In the same way, honest people here started to say when the Soviet Union collapsed, well, gee, we thought that was going to be the new paradise.
We thought everything was going to be equal, everything was going to be peaceful, and now we're living in this world of wars all over the world.
Honest people, i.e. conservative people, started to say, well, that didn't work.
What now?
And so just like then when Wordsworth said this French Revolution didn't work, we have to go back to some of our traditions to find out how to go forward.
He was excoriated.
I mean, he was just, you talk about cancel culture.
There are literally famous poems written about William Wordsworth and what a schmuck he was for not following the radical line.
And these poems are anthologized.
I mean, throughout history, Wordsworth is now attacked in famous anthologies of famous poems.
So the same kind of stuff, the same intensity of political thought was going on.
And one of the things I think that you and I know after following a lot of politics is you don't get the real answers of life from politics.
You know, at best, politics allows you to search for the answers of life, but it doesn't give you the answers of life.
And that is, I think, why these poets are so important, that they ultimately weren't political.

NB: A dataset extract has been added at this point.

(* Let $k\ge 2$ be even, let $\alpha_1,\dots,\alpha_k$ be positive integers with $n=\alpha_1+\cdots+\alpha_k$, let $G=C(\alpha_1,\dots,\alpha_k)$, and let $Q_L$ be the quotient matrix of its Laplacian with respect to the partition $\pi=\{\pi_1,\dots,\pi_k\}$. Then the eigenvalues of $Q_L$, listed as $\lambda_1\le\lambda_2\le\cdots\le\lambda_k$, are determined by $\lambda_1=0$, $\lambda_k=n$ and $$\lambda_i=\lambda_{i-1}+\alpha_{k-2(i-2)}\quad (i=2,3,\dots,\tfrac{k}{2}),\qquad \lambda_i=\lambda_{i+1}-\alpha_{2i-(k-1)}\quad (i=k-1,k-2,\dots,\tfrac{k}{2}+1).$$ (Explicitly, $\lambda_i=\alpha_k+\alpha_{k-2}+\cdots+\alpha_{k-2i+4}$ for $2\le i\le k/2$, and $\lambda_{k/2+i}=\sum_{l=1}^{k/2}\alpha_{2l}+\sum_{m=1}^{i}\alpha_{2m-1}$ for $1\le i\le k/2$.) Each of these is also a Laplacian eigenvalue of $G$.
   Context: For positive integers $\alpha_1,\dots,\alpha_k$, the graph $C(\alpha_1,\dots,\alpha_k)$ is defined recursively by $C(\alpha_1)=\overline{K_{\alpha_1}}$ (the edgeless graph on $\alpha_1$ vertices) and $C(\alpha_1,\dots,\alpha_i)=\overline{C(\alpha_1,\dots,\alpha_{i-1})\cup K_{\alpha_i}}$ for $i=2,\dots,k$, where $\cup$ is disjoint union and the bar denotes graph complement. Let $\pi_i$ be the set of $\alpha_i$ vertices introduced at step $i$ (for $i=1$, the vertices of $C(\alpha_1)$). When $k$ is even (standing assumption), equivalently: $\pi_i$ induces a clique if $i$ is odd and an independent set if $i$ is even, and for $i<j$ a vertex of $\pi_i$ and a vertex of $\pi_j$ are adjacent iff $j$ is even. Such graphs (with $k$ even) are called $\mathcal{C}$-graphs. $L=D-A$ is the Laplacian matrix. The quotient matrix $Q_L$ is the $k\times k$ matrix with $(Q_L)_{ij}=\sum_{v\in\pi_j}L_{uv}$ for any $u\in\pi_i$ (this is independent of the choice of $u$). *)

theory Defs
  imports "Jordan_Normal_Form.Matrix" "Jordan_Normal_Form.Char_Poly"
begin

That's a really interesting point, because inasmuch as they had political views, they widely disagreed.
And the ones, I guess, who lived longer became conservatives, and the ones who died young remained fairly left-wing.
Yeah, I mean, they were guys, you know, so many of them died young, and it's hard to know, for instance, what Keats would have said.
But Shelley, a beautiful poet, wrote beautiful poetry, but he was a genuine radical.
He genuinely believed in free love.
He had this affair.
He left his wife, who then killed herself, ran off with Mary Shelley, who fills a chapter of the book because of the genius of her book, Frankenstein.
And he was a genuine radical.
After he died, he died very young, and Mary was devoted to him.
She kind of reinvented him as this angel of poetry.
But he was a guy who had been kicked out of college for his atheism and for attacking the crown and all this stuff.
And so you had people who had a wide view of life, from very conservative like Wordsworth to very radical like Shelley.
But they were all trying to solve one problem.
What happens when God goes out of the world?
Do you bring him back?
Do you let him go?
How do you go forward?
And I think that's the exact problem we're trying to solve today.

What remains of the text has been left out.